Alors ce soir là, sans l'avoir volontairement provoqué, je me suis retrouvée avec lui. Une voix douce, un peu celle du style " ma pauvre chérie " , et la présence discrète d'un sexe opposé. Et là
sans avoir pu y renoncer, je me suis laissée aller à cette douce aventure, à cette présence réconfortante, et à cette écoute inespérée.
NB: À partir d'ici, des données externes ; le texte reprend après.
(* Consider the controlled SI optimal control problem described in the context, with one control per node ($M=N$), given (fixed) initial conditions, and quadratic costs $g_j(u)=c_ju^2$ with $c_j>0$ for $1\le j\le N$. Let $(\boldsymbol i^*(t), \boldsymbol\lambda^*(t), \boldsymbol u^*(t))$, $t\in[0,T]$, be an optimal state trajectory, its associated adjoint trajectory, and optimal controls satisfying the Pontryagin Maximum Principle conditions listed in the context. Then each optimal control $u_j^*(t)$, $1\le j\le N$, is a convex function of $t$ on $[0,T]$.
   Context: Let $N\geq 1$, and let $\boldsymbol A=(A_{jk})$ be an $N\times N$ symmetric matrix with entries in $\{0,1\}$ (adjacency matrix of an undirected, unweighted network on nodes $1,\dots,N$). Fix $\beta>0$, a horizon $T>0$, and initial values $x_{0j}\in[0,1]$. Each node $j$ has its own control $u_j(t)$. The state $i_j(t)\in[0,1]$ (probability node $j$ is informed), with $s_j(t)=1-i_j(t)$, evolves by $\dot i_j(t)=\beta s_j(t)\sum_{k=1}^N A_{jk}i_k(t)+u_j(t)s_j(t)$, $i_j(0)=x_{0j}$, $1\le j\le N$. The objective to be maximized is $J=\frac1N\sum_{j=1}^N i_j(T)-\sum_{j=1}^N\int_0^T g_j(u_j(t))\,dt$. The optimal controls are nonnegative: $u_j^*(t)\ge 0$. The Hamiltonian is $H(\boldsymbol i,\boldsymbol\lambda,\boldsymbol u)=-\sum_{j=1}^N g_j(u_j)+\sum_{l=1}^N\lambda_l\big(\beta s_l\sum_{k=1}^N A_{lk}i_k+u_l s_l\big)$ with $s_l=1-i_l$. The Pontryagin conditions are: $\boldsymbol i^*$ solves the state equations above; the adjoint variables satisfy $\dot\lambda_j^*(t)=-\beta\sum_{l=1}^N\lambda_l^*(t)s_l^*(t)A_{lj}+\beta\lambda_j^*(t)\sum_{k=1}^N A_{jk}i_k^*(t)+\lambda_j^*(t)u_j^*(t)$ with $\lambda_j^*(T)=1/N$; and for each $t$, $\boldsymbol u^*(t)$ maximizes $H(\boldsymbol i^*(t),\boldsymbol\lambda^*(t),\cdot)$, which gives $g_j'(u_j^*(t))=\lambda_j^*(t)s_j^*(t)$ for each $j$. *)

theory Defs
  imports "HOL-Analysis.Analysis"
begin

end

theory Submission
  imports Defs
begin

text \<open>Stationarity of the Hamiltonian gives \<open>2 c\<^sub>j u\<^sub>j = \<lambda>\<^sub>j s\<^sub>j\<close>, and the state and
  adjoint equations combine into \<open>u\<^sub>j' = - \<beta> s\<^sub>j (\<Sum>\<^sub>l A\<^sub>l\<^sub>j c\<^sub>l u\<^sub>l) / c\<^sub>j\<close>. The states stay in
  \<open>[0, 1]\<close> (positivity for cooperative linear differential inequalities, by a Gronwall
  estimate on the squared negative parts), so with \<open>u \<ge> 0\<close> every \<open>u\<^sub>j\<close> is nonincreasing.
  Then \<open>s\<^sub>j\<close> and \<open>\<Sum>\<^sub>l A\<^sub>l\<^sub>j c\<^sub>l u\<^sub>l\<close> are nonnegative and nonincreasing, so \<open>u\<^sub>j'\<close> is
  nondecreasing and \<open>u\<^sub>j\<close> is convex.\<close>

lemma antimono_on_if_DERIV_nonpos:
  fixes f f' :: "real \<Rightarrow> real"
  assumes deriv: "\<And>t. t \<in> {a..b} \<Longrightarrow> (f has_real_derivative f' t) (at t within {a..b})"
    and nonpos: "\<And>t. t \<in> {a..b} \<Longrightarrow> f' t \<le> 0"
  shows "antimono_on {a..b} f"
proof (rule monotone_onI)
  fix x y assume xy: "x \<in> {a..b}" "y \<in> {a..b}" "x \<le> y"
  have "continuous_on {a..b} f"
    using deriv by (rule DERIV_continuous_on)
  then have "continuous_on {x..y} f"
    by (rule continuous_on_subset) (use xy in auto)
  moreover have "\<exists>D. (f has_real_derivative D) (at z) \<and> D \<le> 0" if "x < z" "z < y" for z
    using deriv[of z] nonpos[of z] that xy at_within_Icc_at[of a z b] by auto
  ultimately show "f y \<le> f x"
    using DERIV_nonpos_imp_decreasing_open[OF \<open>x \<le> y\<close>] by blast
qed

lemma convex_on_Icc_if_DERIV_mono:
  fixes f f' :: "real \<Rightarrow> real"
  assumes deriv: "\<And>t. t \<in> {a..b} \<Longrightarrow> (f has_real_derivative f' t) (at t within {a..b})"
    and mono: "mono_on {a..b} f'"
  shows "convex_on {a..b} f"
proof (rule convex_on_linorderI)
  have deriv_sub: "(f has_real_derivative f' t) (at t within {x..y})"
    if "t \<in> {x..y}" "a \<le> x" "y \<le> b" for t x y
    using deriv[of t] that by (auto intro: has_field_derivative_subset)
  have tangent_left: "f z \<le> f x + (z - x) * f' z" if "a \<le> x" "x \<le> z" "z \<le> b" for x z
  proof -
    have "antimono_on {x..z} (\<lambda>t. f t - t * f' z)"
    proof (rule antimono_on_if_DERIV_nonpos)
      fix t assume t: "t \<in> {x..z}"
      show "((\<lambda>t. f t - t * f' z) has_real_derivative f' t - f' z) (at t within {x..z})"
        using deriv_sub[OF t] that by (auto intro!: derivative_eq_intros)
      show "f' t - f' z \<le> 0"
        using mono t that by (auto intro: mono_onD)
    qed
    then have "f z - z * f' z \<le> f x - x * f' z"
      using that by (auto dest: monotone_onD)
    then show ?thesis by (simp add: algebra_simps)
  qed
  have tangent_right: "f z + (y - z) * f' z \<le> f y" if "a \<le> z" "z \<le> y" "y \<le> b" for y z
  proof -
    have "antimono_on {z..y} (\<lambda>t. t * f' z - f t)"
    proof (rule antimono_on_if_DERIV_nonpos)
      fix t assume t: "t \<in> {z..y}"
      show "((\<lambda>t. t * f' z - f t) has_real_derivative f' z - f' t) (at t within {z..y})"
        using deriv_sub[OF t] that by (auto intro!: derivative_eq_intros)
      show "f' z - f' t \<le> 0"
        using mono t that by (auto intro: mono_onD)
    qed
    then have "y * f' z - f y \<le> z * f' z - f z"
      using that by (auto dest: monotone_onD)
    then show ?thesis by (simp add: algebra_simps)
  qed
  fix t x y :: real
  assume t: "0 < t" "t < 1" and xy: "x \<in> {a..b}" "y \<in> {a..b}" "x < y"
  define z where "z = (1 - t) * x + t * y"
  have "z - x = t * (y - x)" "y - z = (1 - t) * (y - x)"
    by (simp_all add: z_def algebra_simps)
  then have z: "x \<le> z" "z \<le> y"
    using t xy by (smt (verit) mult_nonneg_nonneg)+
  \<comment> \<open>\<open>(1 - t) (z - x) = t (y - z)\<close>: the two tangent terms cancel.\<close>
  have "f z = (1 - t) * (f z - (z - x) * f' z) + t * (f z + (y - z) * f' z)"
    by (simp add: z_def algebra_simps)
  also have "\<dots> \<le> (1 - t) * f x + t * f y"
    using tangent_left[of x z] tangent_right[of z y] z xy t
    by (intro add_mono mult_left_mono) auto
  finally show "f ((1 - t) *\<^sub>R x + t *\<^sub>R y) \<le> (1 - t) * f x + t * f y"
    by (simp add: z_def)
qed simp

lemma gronwall_zero:
  fixes f f' :: "real \<Rightarrow> real"
  assumes deriv: "\<And>t. t \<in> {a..b} \<Longrightarrow> (f has_real_derivative f' t) (at t within {a..b})"
    and le: "\<And>t. t \<in> {a..b} \<Longrightarrow> f' t \<le> C * f t"
    and nonneg: "\<And>t. t \<in> {a..b} \<Longrightarrow> 0 \<le> f t"
    and init: "f a = 0"
    and t: "t \<in> {a..b}"
  shows "f t = 0"
proof -
  have "antimono_on {a..b} (\<lambda>t. f t * exp (- C * t))"
  proof (rule antimono_on_if_DERIV_nonpos)
    fix t assume t: "t \<in> {a..b}"
    show "((\<lambda>t. f t * exp (- C * t)) has_real_derivative (f' t - C * f t) * exp (- C * t))
        (at t within {a..b})"
      using deriv[OF t] by (auto intro!: derivative_eq_intros simp: algebra_simps)
    show "(f' t - C * f t) * exp (- C * t) \<le> 0"
      using le[OF t] by (simp add: mult_nonpos_nonneg)
  qed
  then have "f t * exp (- C * t) \<le> f a * exp (- C * a)"
    using t by (auto intro: monotone_onD)
  then have "f t \<le> 0"
    using init by (simp add: mult_le_0_iff)
  with nonneg[OF t] show ?thesis by simp
qed

definition sq_neg_part :: "real \<Rightarrow> real" where
  "sq_neg_part x = (min x 0)\<^sup>2"

lemma has_real_derivative_sq_neg_part:
  "(sq_neg_part has_real_derivative 2 * min x 0) (at x)"
proof -
  consider "x < 0" | "0 < x" | "x = 0" by linarith
  then show ?thesis
  proof cases
    case 1
    have "((\<lambda>y. y\<^sup>2) has_real_derivative 2 * min x 0) (at x)"
      using 1 by (auto intro!: derivative_eq_intros)
    then show ?thesis
      by (rule has_field_derivative_transform_within_open[where S = "{..<0}"])
        (use 1 in \<open>auto simp: sq_neg_part_def\<close>)
  next
    case 2
    have "((\<lambda>y. 0) has_real_derivative 2 * min x 0) (at x)"
      using 2 by simp
    then show ?thesis
      by (rule has_field_derivative_transform_within_open[where S = "{0<..}"])
        (use 2 in \<open>auto simp: sq_neg_part_def\<close>)
  next
    case 3
    have "((\<lambda>h. min h 0) \<longlongrightarrow> min 0 0) (at (0::real))"
      by (intro tendsto_intros)
    moreover have "\<forall>\<^sub>F h in at 0. min h 0 = (sq_neg_part (0 + h) - sq_neg_part 0) / h"
      by (auto simp: eventually_at_filter sq_neg_part_def power2_eq_square min_def)
    ultimately show ?thesis
      using 3 unfolding DERIV_def by (simp add: tendsto_cong)
  qed
qed

lemma bounded_on_compact_finite_family:
  fixes f :: "'i \<Rightarrow> 'a::topological_space \<Rightarrow> real"
  assumes "finite I" "compact S" "\<And>j. j \<in> I \<Longrightarrow> continuous_on S (f j)"
  obtains K where "0 \<le> K" "\<And>j t. j \<in> I \<Longrightarrow> t \<in> S \<Longrightarrow> \<bar>f j t\<bar> \<le> K"
proof -
  let ?h = "\<lambda>t. \<Sum>j\<in>I. \<bar>f j t\<bar>"
  have "continuous_on S ?h"
    using assms(3) by (intro continuous_intros) auto
  then have "bounded (?h ` S)"
    using assms(2) by (intro compact_imp_bounded compact_continuous_image)
  then obtain K where K: "\<And>t. t \<in> S \<Longrightarrow> \<bar>?h t\<bar> \<le> K"
    by (auto simp: bounded_real)
  show thesis
  proof (rule that[of "max K 0"])
    fix j t assume "j \<in> I" "t \<in> S"
    then have "\<bar>f j t\<bar> \<le> ?h t"
      using assms(1) by (intro member_le_sum) auto
    with K[OF \<open>t \<in> S\<close>] show "\<bar>f j t\<bar> \<le> max K 0" by linarith
  qed simp
qed

lemma neg_part_mult_le:
  fixes x y B K :: real
  assumes "0 \<le> B" "B \<le> K"
  shows "2 * B * (min x 0 * y) \<le> K * ((min x 0)\<^sup>2 + (min y 0)\<^sup>2)"
proof -
  have "2 * B * (min x 0 * y) \<le> 2 * B * (min x 0 * min y 0)"
    using assms by (intro mult_left_mono mult_left_mono_neg) auto
  also have "\<dots> \<le> 2 * K * (min x 0 * min y 0)"
    using assms by (intro mult_right_mono) (auto simp: mult_nonpos_nonpos)
  also have "\<dots> = K * (2 * (min x 0 * min y 0))"
    by simp
  also have "\<dots> \<le> K * ((min x 0)\<^sup>2 + (min y 0)\<^sup>2)"
    using assms sum_squares_bound[of "min x 0" "min y 0"] by (intro mult_left_mono) auto
  finally show ?thesis .
qed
Mais qui est-il pour m'apporter cela ? Qui est cet homme
que j'écoute en silence ?
......." Un soir passé, nous avons vécu le début d'une histoire, elle était comme une promesse que la vie ne peut pas toujours tenir ; et moi je tiens toujours mes promesses.... "
Je me retrouve là, à vouloir l'entendre avant de l'écouter par ce clavier métallisé d'absence de sentiment, informel et fidèle à la fois, le reflet d'une réalité que l'on ne soupçonne qu'à moitié
de peur qu'un jour, elle ne nous éclate à la " gueule ". Je veux l'entendre sans l'écouter, qu'il me parle sans que je ne sois obligée de lui répondre, et surtout qu'il me parle comme je
veux l'entendre.
Mais entendre quoi ?... et pourquoi ?
Alors c'est là que la vie fait son entrée, fracassante de réalités, sans que l'on puisse l'arrêter, juste à en être l'acteur involontaire. Et c'est pour cela, qu'un soir de lassitude, Fauve lui a
ouvert son coeur.
Fauve ne s'y retrouve pas toujours. Mais elle sait que son amant, celui qui lui parle sans qu'elle ne réponde, celui qui l'écoute sans qu'elle parle, et surtout ce qu'elle entend sans qu'il le
dise, sont son bonheur à elle, aussi futile soit-il...
Quant à moi, sans vraiment le savoir, ou sans vraiment vouloir le savoir, je réponds à ses questions, j'écoute ses paroles et je devine ses absences.
Et le réveil de ce matin manquait de sa présence. Qu'aurais-je donné hier pour entendre sa voix... Et mon miroir de me répondre ce matin, " tu aurais dû ".

" En réalité, chaque lecteur est, quand il lit, le propre lecteur de soi-même ".